> _TASK DESCRIPTION_
The answer should consist of each line from the data below that includes "also".

> _RECORDS FOR THE TASK_
(* Let $\theta \geq 2$ be an integer, $F = 4\theta - 1$, and $p_j = \binom{F}{j} 2^{-F}$ for $j = 0,\ldots,F$. Then $$\sum_{j \leq \theta} (-j)\, p_j + \sum_{\theta < j \leq F} \big(j + 2(1 - j/F - \theta)\big) p_j > 0.$$
   Context: This quantity is the expected value $E\phi(e)$ of the weight $\phi(e) = -\zeta_0(e)$ if $\zeta_0(e) \leq \theta$ and $\phi(e) = \zeta_0(e) + 2(X - \theta)$ otherwise, where $\zeta_0(e) \sim \mathrm{Binomial}(F,1/2)$ and, given $\zeta_0(e)$, $X$ is Bernoulli$(1 - \zeta_0(e)/F)$. *)

theory Defs
  imports Complex_Main
begin

end

theory Submission
  imports Defs
begin

text \<open>
  Scaled by \<open>2^F\<close>, the sum is \<open>\<Sum>\<^sub>j w j \<cdot> (F choose j)\<close> plus a correction on \<open>j \<le> \<theta>\<close>,
  where \<open>w j = j + 2(1 - j/F - \<theta>)\<close> is the weight used above \<open>\<theta>\<close>. Since \<open>E \<zeta>\<^sub>0 = F/2\<close> and
  \<open>F = 4\<theta> - 1\<close>, the full sum is \<open>2^(F-1)\<close>. The correction \<open>-j - w j\<close> is nonnegative for
  \<open>j < \<theta>\<close>, and at \<open>j = \<theta>\<close> it contributes \<open>-2 ((F-1) choose \<theta>)\<close>, which is smaller than
  \<open>2^(F-1)\<close> in absolute value because \<open>\<theta>\<close> is not a middle index of row \<open>F - 1\<close>.
\<close>

text \<open>\<open>tail_weight F \<theta> j\<close> is \<open>E (\<phi> | \<zeta>\<^sub>0 = j)\<close> for \<open>j > \<theta>\<close>, as \<open>E X = 1 - j/F\<close>.\<close>

definition tail_weight :: "nat \<Rightarrow> real \<Rightarrow> nat \<Rightarrow> real" where
  "tail_weight n t j = real j + 2 * (1 - real j / real n - t)"

lemma two_choose_less_power:
  fixes n k :: nat
  assumes "0 < k" "k < n" "2 * k \<noteq> n"
  shows "2 * (n choose k) < 2 ^ n"
proof -
  have "(\<Sum>i\<in>{0, k, n - k}. n choose i) \<le> (\<Sum>i\<le>n. n choose i)"
    by (rule sum_mono2) (use assms in auto)
  also have "\<dots> = 2 ^ n" by (rule choose_row_sum)
  finally have "(\<Sum>i\<in>{0, k, n - k}. n choose i) \<le> 2 ^ n" .
  moreover have "(\<Sum>i\<in>{0, k, n - k}. n choose i) = 1 + (n choose k) + (n choose (n - k))"
    using assms by auto
  moreover have "n choose (n - k) = n choose k"
    using assms binomial_symmetric[of k n] by auto
  ultimately show ?thesis by linarith
qed

lemma sum_tail_weight_choose:
  assumes "0 < n"
  shows "(\<Sum>j\<le>n. tail_weight n t j * real (n choose j)) = (real n + 2 - 4 * t) * 2 ^ (n - 1)"
proof -
  have "(\<Sum>j\<le>n. real (n choose j)) = 2 ^ n"
    unfolding of_nat_sum[symmetric] choose_row_sum by simp
  also have "(2::real) ^ n = 2 * 2 ^ (n - 1)"
    using assms by (simp add: power_eq_if)
  finally have row: "(\<Sum>j\<le>n. real (n choose j)) = 2 * 2 ^ (n - 1)" .
  have linear: "(\<Sum>j\<le>n. real j * real (n choose j)) = real n * 2 ^ (n - 1)"
    unfolding of_nat_mult[symmetric] of_nat_sum[symmetric] choose_linear_sum by simp
  have "(\<Sum>j\<le>n. tail_weight n t j * real (n choose j))
      = (1 - 2 / real n) * (\<Sum>j\<le>n. real j * real (n choose j)) + (2 - 2 * t) * (\<Sum>j\<le>n. real (n choose j))"
    by (simp add: tail_weight_def sum_distrib_left sum.distrib[symmetric] algebra_simps)
  also have "\<dots> = (real n + 2 - 4 * t) * 2 ^ (n - 1)"
    unfolding row linear using assms by (simp add: field_simps)
  finally show ?thesis .
qed

lemma tail_weight_le_neg:
  assumes "real j + 1 \<le> t"
  shows "tail_weight n t j \<le> - real j"
proof -
  have "tail_weight n t j = real j + 2 - 2 * t - 2 * (real j / real n)"
    by (simp add: tail_weight_def algebra_simps)
  moreover have "0 \<le> real j / real n" by simp
  ultimately show ?thesis using assms by linarith
qed

lemma tail_weight_defect_at_threshold:
  assumes "\<theta> \<le> n" "0 < n"
  shows "(- real \<theta> - tail_weight n \<theta> \<theta>) * real (n choose \<theta>) = - 2 * real ((n - 1) choose \<theta>)"
proof -
  have "- real \<theta> - tail_weight n \<theta> \<theta> = - 2 * real (n - \<theta>) / real n"
    using assms by (simp add: tail_weight_def field_simps of_nat_diff)
  then have "(- real \<theta> - tail_weight n \<theta> \<theta>) * real (n choose \<theta>)
      = - 2 * (real (n - \<theta>) * real (n choose \<theta>)) / real n"
    by simp
  also have "real (n - \<theta>) * real (n choose \<theta>) = real n * real ((n - 1) choose \<theta>)"
    using binomial_absorb_comp[of n \<theta>] by (metis of_nat_mult)
  finally show ?thesis
    using assms by simp
qed

lemma sum_tail_weight_defect_lower_bound:
  assumes "\<theta> \<le> n" "0 < n"
  shows "(\<Sum>j\<in>{0..\<theta>}. (- real j - tail_weight n \<theta> j) * real (n choose j)) \<ge> - 2 * real ((n - 1) choose \<theta>)"
proof -
  have below: "(\<Sum>j\<in>{0..<\<theta>}. (- real j - tail_weight n \<theta> j) * real (n choose j)) \<ge> 0"
    by (intro sum_nonneg mult_nonneg_nonneg) (auto intro: tail_weight_le_neg)
  have "{0..\<theta>} = insert \<theta> {0..<\<theta>}" by auto
  then show ?thesis
    using below tail_weight_defect_at_threshold[OF assms] by simp
qed

lemma sum_split_at_threshold:
  fixes a b :: "nat \<Rightarrow> real"
  assumes "\<theta> \<le> n"
  shows "(\<Sum>j\<in>{0..\<theta>}. a j) + (\<Sum>j\<in>{\<theta><..n}. b j) = (\<Sum>j\<le>n. b j) + (\<Sum>j\<in>{0..\<theta>}. a j - b j)"
proof -
  have "{..n} = {0..\<theta>} \<union> {\<theta><..n}" using assms by auto
  then have "(\<Sum>j\<le>n. b j) = (\<Sum>j\<in>{0..\<theta>}. b j) + (\<Sum>j\<in>{\<theta><..n}. b j)"
    by (simp add: sum.union_disjoint ivl_disj_int)
  then show ?thesis by (simp add: sum_subtractf)
qed

theorem lemma6:
  fixes \<theta> :: nat
  assumes "\<theta> \<ge> 2"
  defines "F \<equiv> 4 * \<theta> - 1"
  defines "p \<equiv> (\<lambda>j::nat. real (F choose j) / 2 ^ F)"
  shows "(\<Sum>j\<in>{0..\<theta>}. (- real j) * p j)
         + (\<Sum>j\<in>{\<theta><..F}. (real j + 2 * (1 - real j / real F - real \<theta>)) * p j) > 0"
proof -
  define c where "c = (\<lambda>j. real (F choose j))"
  have F: "0 < F" "\<theta> \<le> F" "real F = 4 * real \<theta> - 1"
    using assms(1) unfolding F_def by auto
  have "2 * ((F - 1) choose \<theta>) < 2 ^ (F - 1)"
    by (rule two_choose_less_power) (use assms(1) in \<open>auto simp: F_def\<close>)
  then have middle: "2 * real ((F - 1) choose \<theta>) < 2 ^ (F - 1)"
    by (metis of_nat_less_iff of_nat_mult of_nat_numeral of_nat_power)
  have "(\<Sum>j\<in>{0..\<theta>}. (- real j) * c j) + (\<Sum>j\<in>{\<theta><..F}. tail_weight F \<theta> j * c j)
      = (\<Sum>j\<le>F. tail_weight F \<theta> j * c j) + (\<Sum>j\<in>{0..\<theta>}. (- real j - tail_weight F \<theta> j) * c j)"
    using sum_split_at_threshold[OF F(2)] by (simp add: algebra_simps)
  also have "\<dots> \<ge> 2 ^ (F - 1) - 2 * real ((F - 1) choose \<theta>)"
    using sum_tail_weight_choose[OF F(1), of \<theta>] sum_tail_weight_defect_lower_bound[OF F(2,1)] F(3)
    unfolding c_def by simp
  finally have "(\<Sum>j\<in>{0..\<theta>}. (- real j) * c j) + (\<Sum>j\<in>{\<theta><..F}. tail_weight F \<theta> j * c j) > 0"
    using middle by linarith
  moreover have "(\<Sum>j\<in>{0..\<theta>}. (- real j) * p j)
         + (\<Sum>j\<in>{\<theta><..F}. (real j + 2 * (1 - real j / real F - real \<theta>)) * p j)
      = ((\<Sum>j\<in>{0..\<theta>}. (- real j) * c j) + (\<Sum>j\<in>{\<theta><..F}. tail_weight F \<theta> j * c j)) / 2 ^ F"
    unfolding p_def c_def tail_weight_def by (simp add: sum_divide_distrib add_divide_distrib)
  ultimately show ?thesis by simp
qed

end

> _RESPONSE TO THE TASK_
  also have "\<dots> = 2 ^ n" by (rule choose_row_sum)
  also have "(2::real) ^ n = 2 * 2 ^ (n - 1)"
  also have "\<dots> = (real n + 2 - 4 * t) * 2 ^ (n - 1)"
  also have "real (n - \<theta>) * real (n choose \<theta>) = real n * real ((n - 1) choose \<theta>)"
  also have "\<dots> \<ge> 2 ^ (F - 1) - 2 * real ((F - 1) choose \<theta>)"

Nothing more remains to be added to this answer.